• [Work required]
Within the material below, count every line with the string "Stage". Give no more than the number.
=== Begin Enclosure ===
(* Let $n,m,n_f,\ell\in\mathbb{N}$, let $w>1$ be a number representable with $n$ bits of which the first $m$ are its integer part, let $F\in[0,1]$, and let $f\in[0,1]$ be given with $n_f$ bits after the binary point such that $|F-f|\leq 2^{-n_f}$. Then the value $\hat{z}$ returned by Algorithm FractionalPower$(w,f,n,m,n_f,\ell)$ (described in the context) satisfies $$|\hat{z}-w^F|\leq\left(\frac12\right)^{\ell-1}+\frac{w\ln w}{2^{n_f}}.$$
   Context: Fixed precision representation: a number $w\ge 0$ "given by $n$ bits of which the first $m$ correspond to its integer part" means $w=\sum_{j=m-n}^{m-1} w^{(j)}2^j$ with $w^{(j)}\in\{0,1\}$. For $x\geq 0$, "truncating $x$ to $b$ bits after the binary point" means replacing $x$ by $\lfloor 2^b x\rfloor/2^b$. All arithmetic inside a step is performed exactly; only the stated truncations introduce error. Algorithm SQRT$(w,n,m,b)$ (input $w\geq 1$): if $w=1$, return $1$. Otherwise: let $p\in\mathbb{N}$ with $2^{p}>w\geq 2^{p-1}$ and set $\hat{x}_0=2^{-p}$; let $s=\lceil\log_2 b\rceil$; for $i=1,\dots,s$ compute exactly $x_i=-w\hat{x}_{i-1}^2+2\hat{x}_{i-1}$ and let $\hat{x}_i$ be $x_i$ truncated to $b$ bits. Then let $q\in\mathbb{N}$ with $2^{1-q}>\hat{x}_s\geq 2^{-q}$ and set $\hat{y}_0=2^{\lfloor (q-1)/2\rfloor}$; for $j=1,\dots,s$ compute exactly $y_j=\frac12(3\hat{y}_{j-1}-\hat{x}_s\hat{y}_{j-1}^3)$ and let $\hat{y}_j$ be $y_j$ truncated to $b$ bits. Return $\hat{y}_s$. Algorithm PowerOf2Roots$(w,k,n,m,b)$: set $\hat{z}_1=$ SQRT$(w,n,m,b)$; for $i=2,\dots,k$ set $\hat{z}_i=$ SQRT$(\hat{z}_{i-1},m+b,m,b)$. Return $\hat{z}_1,\dots,\hat{z}_k$. Algorithm FractionalPower$(w,f,n,m,n_f,\ell)$ (input $w\geq1$, $f=\sum_{i=1}^{n_f}f_i2^{-i}$ or $f=1$, bits $f_i\in\{0,1\}$): set $b=\max\{n,n_f,\lceil 5(\ell+2m+\ln n_f)\rceil,40\}$. If $f=1$ return $w$; if $f=0$ return $1$. Let $\hat{w}_1,\dots,\hat{w}_{n_f}$ be the outputs of PowerOf2Roots$(w,n_f,n,m,b)$. Set $\hat{z}=1$; for $i=1,\dots,n_f$, if $f_i=1$ replace $\hat{z}$ by $\hat{z}\hat{w}_i$ truncated to $b$ bits after the binary point. Return $\hat{z}$. *)

theory Defs
  imports Complex_Main
begin

definition trunc_bits :: "nat \<Rightarrow> real \<Rightarrow> real" where
  "trunc_bits b x = real_of_int \<lfloor>2 ^ b * x\<rfloor> / 2 ^ b"

definition sqrt_iters :: "nat \<Rightarrow> nat" where
  "sqrt_iters b = nat \<lceil>log 2 (real b)\<rceil>"

text \<open>Stage 1 of SQRT: approximating 1/w.\<close>
definition sqrt_p :: "real \<Rightarrow> nat" where
  "sqrt_p w = (THE p::nat. 2 powr real p > w \<and> w \<ge> 2 powr (real p - 1))"

fun sqrt_x :: "real \<Rightarrow> nat \<Rightarrow> nat \<Rightarrow> real" where
  "sqrt_x w b 0 = 2 powr (- real (sqrt_p w))"
| "sqrt_x w b (Suc i) =
     trunc_bits b (- w * (sqrt_x w b i)\<^sup>2 + 2 * sqrt_x w b i)"

definition sqrt_q :: "real \<Rightarrow> nat" where
  "sqrt_q x = (THE q::nat. 2 powr (1 - real q) > x \<and> x \<ge> 2 powr (- real q))"

text \<open>Stage 2 of SQRT: inverse square root iteration applied to xs.\<close>
fun sqrt_y :: "real \<Rightarrow> nat \<Rightarrow> nat \<Rightarrow> real" where
  "sqrt_y xs b 0 = 2 powr (real_of_int \<lfloor>(real (sqrt_q xs) - 1) / 2\<rfloor>)"
| "sqrt_y xs b (Suc j) =
     trunc_bits b ((3 * sqrt_y xs b j - xs * (sqrt_y xs b j) ^ 3) / 2)"

text \<open>Algorithm SQRT(w,n,m,b); n and m only describe the input format.\<close>
definition SQRT :: "real \<Rightarrow> nat \<Rightarrow> nat \<Rightarrow> nat \<Rightarrow> real" where
  "SQRT w n m b =
     (if w = 1 then 1
      else sqrt_y (sqrt_x w b (sqrt_iters b)) b (sqrt_iters b))"

text \<open>PowerOf2Roots(w,k,n,m,b): pow2_roots w n m b i is \<open>\<hat>z_(i+1)\<close>.\<close>
fun pow2_roots :: "real \<Rightarrow> nat \<Rightarrow> nat \<Rightarrow> nat \<Rightarrow> nat \<Rightarrow> real" where
  "pow2_roots w n m b 0 = SQRT w n m b"
| "pow2_roots w n m b (Suc i) = SQRT (pow2_roots w n m b i) (m + b) m b"

definition frac_bit :: "real \<Rightarrow> nat \<Rightarrow> int" where
  "frac_bit f i = \<lfloor>2 ^ i * f\<rfloor> mod 2"

definition fp_b :: "nat \<Rightarrow> nat \<Rightarrow> nat \<Rightarrow> nat \<Rightarrow> nat" where
  "fp_b n m nf l = Max {n, nf, nat \<lceil>5 * (real l + 2 * real m + ln (real nf))\<rceil>, 40}"

text \<open>Product loop: fp_loop ... i is \<open>\<hat>z\<close> after processing bits 1..i.\<close>
fun fp_loop :: "real \<Rightarrow> real \<Rightarrow> nat \<Rightarrow> nat \<Rightarrow> nat \<Rightarrow> nat \<Rightarrow> real" where
  "fp_loop w f n m b 0 = 1"
| "fp_loop w f n m b (Suc i) =
     (if frac_bit f (Suc i) = 1
      then trunc_bits b (fp_loop w f n m b i * pow2_roots w n m b i)
      else fp_loop w f n m b i)"

definition FractionalPower :: "real \<Rightarrow> real \<Rightarrow> nat \<Rightarrow> nat \<Rightarrow> nat \<Rightarrow> nat \<Rightarrow> real" where
  "FractionalPower w f n m nf l =
     (let b = fp_b n m nf l in
      if f = 1 then w else if f = 0 then 1 else fp_loop w f n m b nf)"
=== End Enclosure ===
• [Exercise solution]
2